The Murder of Creativity

‘Censorship’, is not just a word in India. For some fringe groups, in general, and the infamous Central Board of Film Certification (CBFC) in particular, it is more of an emotion. The unrestricted use of the tool in the recent times by the CBFC, for the sole purpose of being politically correct, is something that has clamped down on people’s creativity.

It is beyond question that checks and balances (read censorship) are vital when we talk about something as influential as films. The problem however arises when such checks and balances overshadow rationality and deliberately infringe upon the freedom of speech and expression that a democratic state like ours guarantees. The question, thus, is: Is censorship, in the form it is presently practiced, acceptable in a mature democracy like ours?

It was about fifty years ago that there was a major challenge to the constitutional validity of ‘Censorship’. The Supreme Court, in its historic judgment to the case of S. Rangarajan vs P. Jagjivan Ram, talked about the major impact cinema has on people’s minds. The apex court, in its judgment, also established the validity of ‘censorship’ (even pre-censorship) as a tool used by the state to check ‘objectionable’ material from reaching the public. It however failed to ensure that the tool, in the days to come, would be used in a responsible manner.

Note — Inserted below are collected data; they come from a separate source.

(* There exist $A_0>1$ and $C_0>0$ such that for every $A\ge A_0$ and every $\xi\in H^1(\mathbb R,\mathbb C)\cap L^2_c$, with $w=\zeta_A\xi$, $$\|w'\|_{L^2}^2-|w(0)|^2\ \ge\ -\frac{C_0}{A^2}\big(\|w'\|_{L^2}^2+|w(0)|^2\big).$$
   Context: $\varphi(x)=2^{-1/2}e^{-|x|/2}$ and $L^2_c=\{u\in L^2(\mathbb R,\mathbb C):\int u\varphi\,dx=0\}$ (the continuous spectral subspace of $H_1=-\partial_x^2-\delta$; note $\|w'\|^2-|w(0)|^2$ is the quadratic form of $H_1$). $\chi:\mathbb R\to[0,1]$ is a fixed even smooth function with $\chi=1$ on $[-1,1]$, $\chi=0$ outside $[-2,2]$, $\chi'\le0$ on $(0,\infty)$. For $A>0$: $\zeta_A(x)=\exp\big(-\frac{|x|}{A}(1-\chi(x))\big)$. *)

theory Defs
  imports "HOL-Analysis.Analysis"
begin

text \<open>Ground state of \<open>H_1 = -d^2/dx^2 - delta\<close>.\<close>
definition phi :: "real \<Rightarrow> real" where
  "phi x = exp (- \<bar>x\<bar> / 2) / sqrt 2"

definition smooth_fun :: "(real \<Rightarrow> real) \<Rightarrow> bool" where
  "smooth_fun f \<longleftrightarrow> (\<forall>n x. ((deriv ^^ n) f) differentiable (at x))"

definition cutoff :: "(real \<Rightarrow> real) \<Rightarrow> bool" where
  "cutoff ch \<longleftrightarrow> smooth_fun ch \<and> (\<forall>x. ch (-x) = ch x) \<and> (\<forall>x. 0 \<le> ch x \<and> ch x \<le> 1)
     \<and> (\<forall>x. \<bar>x\<bar> \<le> 1 \<longrightarrow> ch x = 1) \<and> (\<forall>x. \<bar>x\<bar> > 2 \<longrightarrow> ch x = 0)
     \<and> (\<forall>x>0. deriv ch x \<le> 0)"

definition zeta :: "(real \<Rightarrow> real) \<Rightarrow> real \<Rightarrow> real \<Rightarrow> real" where
  "zeta ch A x = exp (- (\<bar>x\<bar> / A) * (1 - ch x))"

definition L2 :: "(real \<Rightarrow> complex) \<Rightarrow> bool" where
  "L2 f \<longleftrightarrow> f \<in> borel_measurable lborel \<and> integrable lborel (\<lambda>x. (cmod (f x))\<^sup>2)"

definition L2_norm_sq :: "(real \<Rightarrow> complex) \<Rightarrow> real" where
  "L2_norm_sq f = (LINT x|lborel. (cmod (f x))\<^sup>2)"

text \<open>\<open>H1_deriv u g\<close>: \<open>u \<in> H^1(R,C)\<close> (continuous representative, i.e. absolutely continuous)
  with weak derivative \<open>g \<in> L^2\<close>: \<open>u y - u x = \<integral>_x^y g\<close>.\<close>
definition H1_deriv :: "(real \<Rightarrow> complex) \<Rightarrow> (real \<Rightarrow> complex) \<Rightarrow> bool" where
  "H1_deriv u g \<longleftrightarrow> L2 u \<and> L2 g \<and>
     (\<forall>x y. x \<le> y \<longrightarrow> u y - u x = (LINT t:{x..y}|lborel. g t))"

definition H1 :: "(real \<Rightarrow> complex) \<Rightarrow> bool" where
  "H1 u \<longleftrightarrow> (\<exists>g. H1_deriv u g)"

definition L2c :: "(real \<Rightarrow> complex) \<Rightarrow> bool" where
  "L2c u \<longleftrightarrow> L2 u \<and> (LINT x|lborel. u x * complex_of_real (phi x)) = 0"

end

theory Submission
  imports Defs
begin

The Cinematograph Act, 1952 was nothing but a continuation of the colonial era censorship laws which were created for the sole purpose of curbing the freedom of speech and expression of the people. This continuation was made possible because the leaders then believed that the people were ‘very gullible’ (as pointed out by B.V. Keskar, the Union Minister of Information and Broadcasting at that time). To some extent, his argument is valid, because the consolidation of a newly independent country required such measures. Provided that more than 75% of the Indian population was illiterate during the 1950s and 60s, the people were indeed ‘very gullible’. But times have changed, and there has been a steep increase in what we call the ‘visual literacy level’. People today understand the difference between the real and the unreal, and the same logic that was used way back in the 1950s cannot possibly be used in the 21st century as well. So, the necessity of using the instrument of ‘censorship’ frequently, which undoubtedly existed in the initial years of our democracy, ceases to perpetuate in the present scenario.

Having said that, should I not call it an act of grave hypocrisy when the state allows every adult to make a decision as important as voting, but continues to choose for them what to see and what not to? If the people are considered capable of choosing their government, they are definitely capable of selecting which film to watch and which film to avoid watching. Thus, the very idea of censorship in a democracy is paradoxical.

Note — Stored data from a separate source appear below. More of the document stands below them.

lemma pow_mat_Suc_left:
  assumes A: "(A :: 'a::semiring_1 mat) \<in> carrier_mat n n"
  shows "A * A ^\<^sub>m k = A ^\<^sub>m Suc k"
proof (induct k)
  case (Suc k)
  have "A * A ^\<^sub>m Suc k = (A * A ^\<^sub>m k) * A"
    using A by (simp add: assoc_mult_mat[of _ n n _ n _ n])
  then show ?case using Suc by simp
qed (use A in simp)

lemma mat_prod_upto_const:
  assumes "(A :: 'a::semiring_1 mat) \<in> carrier_mat n n"
  shows "mat_prod_upto n (\<lambda>_. A) k = A ^\<^sub>m k"
  using assms by (induct k) (simp_all add: pow_mat_Suc_left[OF assms])

lemma mat_prod_upto_commute:
  assumes A: "A \<in> carrier_mat n n" and f: "\<And>i. i < k \<Longrightarrow> f i \<in> carrier_mat n n"
    and comm: "\<And>i. i < k \<Longrightarrow> A * f i = f i * A"
  shows "A * mat_prod_upto n f k = mat_prod_upto n f k * A"
  using f comm
proof (induct k)
  case (Suc k)
  have fk: "f k \<in> carrier_mat n n" and Pk: "mat_prod_upto n f k \<in> carrier_mat n n"
    using Suc.prems by (auto intro: mat_prod_upto_carrier)
  have "A * mat_prod_upto n f (Suc k) = (A * f k) * mat_prod_upto n f k"
    using A fk Pk by (simp add: assoc_mult_mat[of _ n n _ n _ n])
  also have "\<dots> = f k * (A * mat_prod_upto n f k)"
    using A fk Pk Suc.prems by (simp add: assoc_mult_mat[of _ n n _ n _ n])
  also have "\<dots> = mat_prod_upto n f (Suc k) * A"
    using A fk Pk Suc by (simp add: assoc_mult_mat[of _ n n _ n _ n])
  finally show ?case .
qed (use A in simp)

lemma mat_prod_upto_similar:
  assumes fg: "\<And>i. i < k \<Longrightarrow> f i = P * g i * Q" and g: "\<And>i. i < k \<Longrightarrow> g i \<in> carrier_mat n n"
    and P: "P \<in> carrier_mat n n" and Q: "Q \<in> carrier_mat n n"
    and PQ: "P * Q = 1\<^sub>m n" and QP: "Q * P = 1\<^sub>m n"
  shows "mat_prod_upto n f k = P * mat_prod_upto n g k * Q"
  using fg g
proof (induct k)
  case (Suc k)
  have gk: "g k \<in> carrier_mat n n" and Gk: "mat_prod_upto n g k \<in> carrier_mat n n"
    using Suc.prems by (auto intro: mat_prod_upto_carrier)
  have "mat_prod_upto n f (Suc k) = (P * g k * Q) * (P * mat_prod_upto n g k * Q)"
    using Suc by simp
  also have "\<dots> = P * g k * (Q * P) * mat_prod_upto n g k * Q"
    using P Q gk Gk by (simp add: assoc_mult_mat[of _ n n _ n _ n])
  also have "\<dots> = P * mat_prod_upto n g (Suc k) * Q"
    using P Q gk Gk QP by (simp add: assoc_mult_mat[of _ n n _ n _ n])
  finally show ?case .
qed (use P Q PQ in simp)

The second question is about the lack of rationality shown by the CBFC in the recent times. The case of ‘Phillauri’, a film starring Anushka Sharma, shows the incoherent nature of the CBFC. Apparently, a scene with ‘Hanuman Challisa’ had to be muted because it ‘failed to scare away the ghost’. During its establishment, one of the principal objectives of the body was to restrict superstitious material from reaching the public. Now, with the ‘Phillauri’ incident, it has transformed into a body promoting superstition. The theatrical release of ‘Lipstick Under My Burkha’ was banned on grounds that “the story is lady-oriented, their fantasy above life.” If the Board is actually so serious about morality, it should also have banned films like ‘Kya Cool Hai Hum’ which objectify women, and undermine the concepts of morality and decency to a far greater extent. These unfortunate incidents manifesting ambivalence and apparent double-standards bring about the inevitable question: Is the CBFC competent to censor our films?

The problem of unnecessary censorship can only be eradicated if the powers of the Board get restricted to Certification, just the way it is in the United States. The responsibility of the Government should only be to ensure that the people understand very clearly the nature of film they are about to watch. Strict certification and regulation of the audience can solve most of the problems faced as a result of irresponsible film-making. Censorship, on the other hand, should be used only under exceptional circumstances and must be looked after by a more capable, reasoned and responsible body, like the Film Certification Appellate Tribunal (FCAT) that comprises retired judges and people with special knowledge in the field of cinema. Until then, creativity of the individual shall continue to be compromised.

Freedom of speech and expression is something that strengthens the base of a vibrant democracy. Be it painters, poets, film-makers or comedians; unless they can speak their minds without fear, our democracy will not be complete. Limiting people’s right to imagine and create, the way it is being presently done, will only weaken it.

The writer, Pranjal Mondal, is a student of Political Science at St. Xavier’s College, Kolkata.